Pecuaristas do PR estão em alerta com caso de raiva
Foco detectado no Noroeste do Estado fez Seab tomar medidas preventivas
A descoberta de um foco de raiva em uma propriedade rural em Querência do Norte, região Noroeste do Paraná, deixou a Supervisão Técnica Regional de Defesa de Sanidade Animal em alerta. Há uma semana médicos veterinários trabalham na zona rural de Icaraíma e Ivaté conscientizando os criadores de bovinos e eqüinos para que vacinem os animais numa tentativa de evitar que a doença chegue à região de Umuarama.
O último caso de raiva registrado na região foi em 1986, em uma propriedade localizada no trecho entre Umuarama e Xambrê. Porém, o foco detectado em Querência do Norte há duas semanas, num raio de menos de 12 km de distância de Icaraíma e Ivaté, requereu medidas preventivas em caráter de urgência.
A campanha desencadeada pelo Núcleo Regional da Secretaria de Estado da Agricultura e Abastecimento (Seab) além da imunização do rebanho também tem como propósito alertar os produtores para que caso identifiquem animais com sinais de mordedura do morcego Desmodus Rotundus, transmissor do vírus da raiva, comuniquem a secretária para que equipe de Sanidade Animal possa localizar o abrigo do hematófago e fazer a captura.

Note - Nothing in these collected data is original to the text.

(* Let $m\geq1$ and $0\leq r_1<r_2\leq m$, and let $q=p^t$ be a power of an odd prime $p$, $t\geq1$. Then there exists an asymmetric quantum code with parameters $[[t2^m,\ t[k(r_2)-k(r_1)],\ d_z/d_x]]_p$, where $k(r)=\sum_{i=0}^{r}\binom{m}{i}$, $d_z\geq 2^{m-r_2}$ and $d_x\geq 2^{r_1+1}$.
   Context: An AQECC $[[n,k,d_z/d_x]]_p$ is a $p^k$-dimensional subspace of $\mathbb{C}^{p^n}$ correcting all qudit-flip errors up to $\lfloor (d_x-1)/2\rfloor$ and all phase-shift errors up to $\lfloor (d_z-1)/2\rfloor$. *)

theory Defs
  imports "Jordan_Normal_Form.VS_Connect" "HOL-Computational_Algebra.Primes"
begin

text \<open>The computational basis of (C^p)^{\<otimes> n} = C^(p^n) is indexed by i < p^n;
  the j-th qudit (digit) of basis index i is (i div p^j) mod p.
  Vectors are Jordan_Normal_Form vectors of dimension p^n.\<close>

definition qdigit :: "nat \<Rightarrow> nat \<Rightarrow> nat \<Rightarrow> nat" where
  "qdigit p i j = (i div p ^ j) mod p"

definition Fp_vec :: "nat \<Rightarrow> nat \<Rightarrow> (nat \<Rightarrow> nat) \<Rightarrow> bool" where
  "Fp_vec p n a \<longleftrightarrow> (\<forall>l<n. a l < p)"

definition hweight :: "nat \<Rightarrow> (nat \<Rightarrow> nat) \<Rightarrow> nat" where
  "hweight n a = card {l. l < n \<and> a l \<noteq> 0}"

text \<open>Qudit-flip operator X(a): |x> \<mapsto> |x + a>.\<close>
definition Xop :: "nat \<Rightarrow> nat \<Rightarrow> (nat \<Rightarrow> nat) \<Rightarrow> complex mat" where
  "Xop p n a = mat (p ^ n) (p ^ n)
     (\<lambda>(i, j). if (\<forall>l<n. qdigit p i l = (qdigit p j l + a l) mod p) then 1 else 0)"

text \<open>Phase-shift operator Z(b): |x> \<mapsto> \<omega>^(b\<cdot>x) |x>, \<omega> = exp(2\<pi>i/p).\<close>
definition Zop :: "nat \<Rightarrow> nat \<Rightarrow> (nat \<Rightarrow> nat) \<Rightarrow> complex mat" where
  "Zop p n b = mat (p ^ n) (p ^ n)
     (\<lambda>(i, j). if i = j then cis (2 * pi / real p) ^ (\<Sum>l<n. b l * qdigit p j l) else 0)"

definition error_set :: "nat \<Rightarrow> nat \<Rightarrow> nat \<Rightarrow> nat \<Rightarrow> complex mat set" where
  "error_set p n ex ez =
     {Xop p n a * Zop p n b | a b. Fp_vec p n a \<and> Fp_vec p n b \<and>
                                   hweight n a \<le> ex \<and> hweight n b \<le> ez}"

definition cinner :: "complex vec \<Rightarrow> complex vec \<Rightarrow> complex" where
  "cinner u v = (\<Sum>i<dim_vec u. cnj (u $ i) * v $ i)"

text \<open>Q corrects the error set E (Knill-Laflamme condition):
  for all E1, E2 \<in> E there is a constant c with <E1 u|E2 v> = c <u|v> for all u, v \<in> Q.\<close>
definition corrects :: "complex vec set \<Rightarrow> complex mat set \<Rightarrow> bool" where
  "corrects Q E \<longleftrightarrow> (\<forall>E1\<in>E. \<forall>E2\<in>E. \<exists>c::complex. \<forall>u\<in>Q. \<forall>v\<in>Q.
       cinner (E1 *\<^sub>v u) (E2 *\<^sub>v v) = c * cinner u v)"

definition is_AQECC :: "nat \<Rightarrow> nat \<Rightarrow> nat \<Rightarrow> nat \<Rightarrow> nat \<Rightarrow> complex vec set \<Rightarrow> bool" where
  "is_AQECC p n k dz dx Q \<longleftrightarrow>
     subspace class_ring Q (module_vec TYPE(complex) (p ^ n)) \<and>
     vectorspace.dim class_ring ((module_vec TYPE(complex) (p ^ n))\<lparr>carrier := Q\<rparr>) = p ^ k \<and>
     corrects Q (error_set p n ((dx - 1) div 2) ((dz - 1) div 2))"

definition kRM :: "nat \<Rightarrow> nat \<Rightarrow> nat" where
  "kRM m r = (\<Sum>i = 0..r. m choose i)"

end

theory Submission
  imports Defs "Jordan_Normal_Form.DL_Rank"
begin

text \<open>The code is the CSS code of the pair \<open>C\<^sub>2 \<subseteq> C\<^sub>1\<close>, where \<open>C\<^sub>i\<close> is the dual of the
  Reed--Muller code \<open>RM(r\<^sub>i, m)\<close> over the alphabet \<open>(\<int>/p\<int>)^t\<close>. Reed--Muller codes are
  built recursively by the Plotkin construction \<open>(u | u + v)\<close>, whose dual is the construction
  \<open>(a - b | b)\<close>; this recursion yields the sizes of the codes, the minimum weights \<open>2^(m-r)\<close> of
  \<open>RM(r, m)\<close> and \<open>2^(r+1)\<close> of its dual, and \<open>C\<^sup>\<bottom>\<^sup>\<bottom> = C\<close>. The quantum code is spanned by
  the indicator vectors of the cosets of \<open>C\<^sub>2\<close> in \<open>C\<^sub>1\<close>. For errors \<open>X(a)Z(b)\<close> the
  Knill--Laflamme inner products are character sums over these cosets: they vanish unless
  \<open>a \<in> C\<^sub>2\<close>, and are then proportional to the inner product of the code vectors when
  \<open>b \<in> C\<^sub>1\<^sup>\<bottom>\<close> and vanish when \<open>b \<notin> C\<^sub>2\<^sup>\<bottom>\<close>; the weight bounds exclude all other cases.\<close>

lemma kRM_0: "kRM 0 r = 1"
  by (induction r) (auto simp: kRM_def)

As ações planejadas pela Seab deverão atingir mais de 60 propriedades rurais que estão na zona de risco, próximo às margens do rio Ivaí. Segundo o chefe da Supervisão Técnica Regional de Defesa Sanitária Animal, Jesus Pereira Camacho, os criadores também estão sendo orientados para evitar contato físico com animais que apresentem sintomas da doença como salivação, tremor muscular e paralisia. “Caso o campeiro tenha algum ferimento e tenha contato com a saliva do animal pode adquirir o vírus. Na propriedade onde foi encontrado foco da doença todas as pessoas já foram encaminhadas para exame e estão recebendo vacina”, explicou.
Doença
A raiva aparece com maior incidência na região Sul do Estado, porém por razões ainda desconhecidas pela equipe de Sanidade Animal da Seab os hematófagos migraram para o Noroeste, o que trouxe riscos de prejuízos para criadores. O animal que adquire o vírus da raiva não chega a ser submetido ao sacrifício, uma vez que, a doença mata em um período de sete dias. Dificilmente o homem contraí o vírus através do consumo da carne contaminada, o contato com o bovino ou eqüino contaminado é a principal forma de contágio.